*** Block opens ***
lemma is_fBM_integral_prod:
  fixes c \<tau> :: "nat \<Rightarrow> nat \<Rightarrow> real"
  assumes fbm: "is_fBM M H W"
  shows "integrable M (\<lambda>\<omega>. \<Prod>i<2*a. \<Sum>j<2. c i j * W (\<tau> i j) \<omega>)"
    and "(\<integral>\<omega>. (\<Prod>i<2*a. \<Sum>j<2. c i j * W (\<tau> i j) \<omega>) \<partial>M) = mixed_moment (fbm_cov H) a c \<tau>"
proof -
  let ?Z = "\<lambda>S \<omega>. \<Sum>k\<in>S \<times> {..<2}. case_prod c k * W (case_prod \<tau> k) \<omega>"
  have fin: "finite (S \<times> {..<2::nat})" if "S \<in> Pow {..<2*a}" for S
    using that finite_subset[of S "{..<2*a}"] by auto
  note moment = is_fBM_lin_comb_moment[OF fbm fin]
  have prod_eq: "(\<lambda>\<omega>. \<Prod>i<2*a. \<Sum>j<2. c i j * W (\<tau> i j) \<omega>)
      = (\<lambda>\<omega>. (\<Sum>S\<in>Pow {..<2*a}. (-1)^(2*a - card S) * ?Z S \<omega> ^ (2*a)) / fact (2*a))"
    by (rule ext) (rule prod_pair_comb_polarization)
  show "integrable M (\<lambda>\<omega>. \<Prod>i<2*a. \<Sum>j<2. c i j * W (\<tau> i j) \<omega>)"
    unfolding prod_eq using moment(2) by (intro integrable_divide integrable_sum integrable_mult_right) auto
  have "(\<integral>\<omega>. (\<Sum>S\<in>Pow {..<2*a}. (-1)^(2*a - card S) * ?Z S \<omega> ^ (2*a)) \<partial>M)
      = (\<Sum>S\<in>Pow {..<2*a}. (-1)^(2*a - card S) * (\<integral>\<omega>. ?Z S \<omega> ^ (2*a) \<partial>M))"
    using moment(2) by (subst Bochner_Integration.integral_sum) auto
  also have "\<dots> = (\<Sum>S\<in>Pow {..<2*a}. (-1)^(2*a - card S) *
      (quad_form (fbm_cov H) (S \<times> {..<2}) (case_prod c) (case_prod \<tau>) ^ a * normal_even_moment a))"
    using moment(3) by (intro sum.cong refl) auto
  also have "\<dots> = (\<Sum>S\<in>Pow {..<2*a}. (-1)^(2*a - card S) *
      quad_form (fbm_cov H) (S \<times> {..<2}) (case_prod c) (case_prod \<tau>) ^ a) * normal_even_moment a"
    by (simp add: sum_distrib_right mult.assoc)
  finally show "(\<integral>\<omega>. (\<Prod>i<2*a. \<Sum>j<2. c i j * W (\<tau> i j) \<omega>) \<partial>M) = mixed_moment (fbm_cov H) a c \<tau>"
    unfolding prod_eq mixed_moment_def by simp
qed

lemma floor_mult_div_tendsto: "(\<lambda>n. of_int \<lfloor>real (Suc n) * t\<rfloor> / real (Suc n)) \<longlonglongrightarrow> t"
proof (rule LIM_zero_cancel, rule Lim_null_comparison)
  show "\<forall>\<^sub>F n in sequentially. norm (of_int \<lfloor>real (Suc n) * t\<rfloor> / real (Suc n) - t) \<le> inverse (real (Suc n))"
  proof (rule always_eventually, rule allI)
    fix n
    have "\<bar>of_int \<lfloor>real (Suc n) * t\<rfloor> - real (Suc n) * t\<bar> \<le> 1" by linarith
    moreover have "of_int \<lfloor>real (Suc n) * t\<rfloor> / real (Suc n) - t
        = (of_int \<lfloor>real (Suc n) * t\<rfloor> - real (Suc n) * t) / real (Suc n)"
      by (simp add: field_simps)
    ultimately show "norm (of_int \<lfloor>real (Suc n) * t\<rfloor> / real (Suc n) - t) \<le> inverse (real (Suc n))"
      by (simp add: abs_divide divide_le_eq inverse_eq_divide)
  qed
  show "(\<lambda>n. inverse (real (Suc n))) \<longlonglongrightarrow> 0" by (rule LIMSEQ_inverse_real_of_nat)
qed

text \<open>A process with continuous paths is the pointwise limit of its step approximations on the grids
  \<open>\<int> / (n + 1)\<close>, which are jointly measurable.\<close>
lemma measurable_continuous_process_pair:
  fixes X :: "real \<Rightarrow> 'a \<Rightarrow> real"
  assumes meas: "\<And>t. X t \<in> borel_measurable M"
    and cont: "\<And>\<omega>. \<omega> \<in> space M \<Longrightarrow> continuous_on UNIV (\<lambda>t. X t \<omega>)"
  shows "(\<lambda>x. X (fst x) (snd x)) \<in> borel_measurable (lborel \<Otimes>\<^sub>M M)"
proof (rule borel_measurable_LIMSEQ_real)
  let ?X = "\<lambda>n x. X (of_int \<lfloor>real (Suc n) * fst x\<rfloor> / real (Suc n)) (snd x)"
  show "?X n \<in> borel_measurable (lborel \<Otimes>\<^sub>M M)" for n
  proof (rule measurable_compose_countable[where f="\<lambda>k x. X (of_int k / real (Suc n)) (snd x)"
        and g="\<lambda>x. \<lfloor>real (Suc n) * fst x\<rfloor>"])
    show "(\<lambda>x. X (of_int k / real (Suc n)) (snd x)) \<in> borel_measurable (lborel \<Otimes>\<^sub>M M)" for k :: int
      using meas by measurable
  qed measurable
  fix x :: "real \<times> 'a" assume "x \<in> space (lborel \<Otimes>\<^sub>M M)"
  then have "snd x \<in> space M" by (simp add: space_pair_measure mem_Times_iff)
  then have "isCont (\<lambda>t. X t (snd x)) (fst x)" using cont continuous_on_eq_continuous_at[of UNIV] by auto
  then show "(\<lambda>n. ?X n x) \<longlonglongrightarrow> X (fst x) (snd x)"
    using isCont_tendsto_compose[OF _ floor_mult_div_tendsto] by blast
qed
*** Block closes ***
Task instructions –
Output the entire listing exactly as it appears above.

Task response –
lemma is_fBM_integral_prod:
  fixes c \<tau> :: "nat \<Rightarrow> nat \<Rightarrow> real"
  assumes fbm: "is_fBM M H W"
  shows "integrable M (\<lambda>\<omega>. \<Prod>i<2*a. \<Sum>j<2. c i j * W (\<tau> i j) \<omega>)"
    and "(\<integral>\<omega>. (\<Prod>i<2*a. \<Sum>j<2. c i j * W (\<tau> i j) \<omega>) \<partial>M) = mixed_moment (fbm_cov H) a c \<tau>"
proof -
  let ?Z = "\<lambda>S \<omega>. \<Sum>k\<in>S \<times> {..<2}. case_prod c k * W (case_prod \<tau> k) \<omega>"
  have fin: "finite (S \<times> {..<2::nat})" if "S \<in> Pow {..<2*a}" for S
    using that finite_subset[of S "{..<2*a}"] by auto
  note moment = is_fBM_lin_comb_moment[OF fbm fin]
  have prod_eq: "(\<lambda>\<omega>. \<Prod>i<2*a. \<Sum>j<2. c i j * W (\<tau> i j) \<omega>)
      = (\<lambda>\<omega>. (\<Sum>S\<in>Pow {..<2*a}. (-1)^(2*a - card S) * ?Z S \<omega> ^ (2*a)) / fact (2*a))"
    by (rule ext) (rule prod_pair_comb_polarization)
  show "integrable M (\<lambda>\<omega>. \<Prod>i<2*a. \<Sum>j<2. c i j * W (\<tau> i j) \<omega>)"
    unfolding prod_eq using moment(2) by (intro integrable_divide integrable_sum integrable_mult_right) auto
  have "(\<integral>\<omega>. (\<Sum>S\<in>Pow {..<2*a}. (-1)^(2*a - card S) * ?Z S \<omega> ^ (2*a)) \<partial>M)
      = (\<Sum>S\<in>Pow {..<2*a}. (-1)^(2*a - card S) * (\<integral>\<omega>. ?Z S \<omega> ^ (2*a) \<partial>M))"
    using moment(2) by (subst Bochner_Integration.integral_sum) auto
  also have "\<dots> = (\<Sum>S\<in>Pow {..<2*a}. (-1)^(2*a - card S) *
      (quad_form (fbm_cov H) (S \<times> {..<2}) (case_prod c) (case_prod \<tau>) ^ a * normal_even_moment a))"
    using moment(3) by (intro sum.cong refl) auto
  also have "\<dots> = (\<Sum>S\<in>Pow {..<2*a}. (-1)^(2*a - card S) *
      quad_form (fbm_cov H) (S \<times> {..<2}) (case_prod c) (case_prod \<tau>) ^ a) * normal_even_moment a"
    by (simp add: sum_distrib_right mult.assoc)
  finally show "(\<integral>\<omega>. (\<Prod>i<2*a. \<Sum>j<2. c i j * W (\<tau> i j) \<omega>) \<partial>M) = mixed_moment (fbm_cov H) a c \<tau>"
    unfolding prod_eq mixed_moment_def by simp
qed

lemma floor_mult_div_tendsto: "(\<lambda>n. of_int \<lfloor>real (Suc n) * t\<rfloor> / real (Suc n)) \<longlonglongrightarrow> t"
proof (rule LIM_zero_cancel, rule Lim_null_comparison)
  show "\<forall>\<^sub>F n in sequentially. norm (of_int \<lfloor>real (Suc n) * t\<rfloor> / real (Suc n) - t) \<le> inverse (real (Suc n))"
  proof (rule always_eventually, rule allI)
    fix n
    have "\<bar>of_int \<lfloor>real (Suc n) * t\<rfloor> - real (Suc n) * t\<bar> \<le> 1" by linarith
    moreover have "of_int \<lfloor>real (Suc n) * t\<rfloor> / real (Suc n) - t
        = (of_int \<lfloor>real (Suc n) * t\<rfloor> - real (Suc n) * t) / real (Suc n)"
      by (simp add: field_simps)
    ultimately show "norm (of_int \<lfloor>real (Suc n) * t\<rfloor> / real (Suc n) - t) \<le> inverse (real (Suc n))"
      by (simp add: abs_divide divide_le_eq inverse_eq_divide)
  qed
  show "(\<lambda>n. inverse (real (Suc n))) \<longlonglongrightarrow> 0" by (rule LIMSEQ_inverse_real_of_nat)
qed

text \<open>A process with continuous paths is the pointwise limit of its step approximations on the grids
  \<open>\<int> / (n + 1)\<close>, which are jointly measurable.\<close>
lemma measurable_continuous_process_pair:
  fixes X :: "real \<Rightarrow> 'a \<Rightarrow> real"
  assumes meas: "\<And>t. X t \<in> borel_measurable M"
    and cont: "\<And>\<omega>. \<omega> \<in> space M \<Longrightarrow> continuous_on UNIV (\<lambda>t. X t \<omega>)"
  shows "(\<lambda>x. X (fst x) (snd x)) \<in> borel_measurable (lborel \<Otimes>\<^sub>M M)"
proof (rule borel_measurable_LIMSEQ_real)
  let ?X = "\<lambda>n x. X (of_int \<lfloor>real (Suc n) * fst x\<rfloor> / real (Suc n)) (snd x)"
  show "?X n \<in> borel_measurable (lborel \<Otimes>\<^sub>M M)" for n
  proof (rule measurable_compose_countable[where f="\<lambda>k x. X (of_int k / real (Suc n)) (snd x)"
        and g="\<lambda>x. \<lfloor>real (Suc n) * fst x\<rfloor>"])
    show "(\<lambda>x. X (of_int k / real (Suc n)) (snd x)) \<in> borel_measurable (lborel \<Otimes>\<^sub>M M)" for k :: int
      using meas by measurable
  qed measurable
  fix x :: "real \<times> 'a" assume "x \<in> space (lborel \<Otimes>\<^sub>M M)"
  then have "snd x \<in> space M" by (simp add: space_pair_measure mem_Times_iff)
  then have "isCont (\<lambda>t. X t (snd x)) (fst x)" using cont continuous_on_eq_continuous_at[of UNIV] by auto
  then show "(\<lambda>n. ?X n x) \<longlonglongrightarrow> X (fst x) (snd x)"
    using isCont_tendsto_compose[OF _ floor_mult_div_tendsto] by blast
qed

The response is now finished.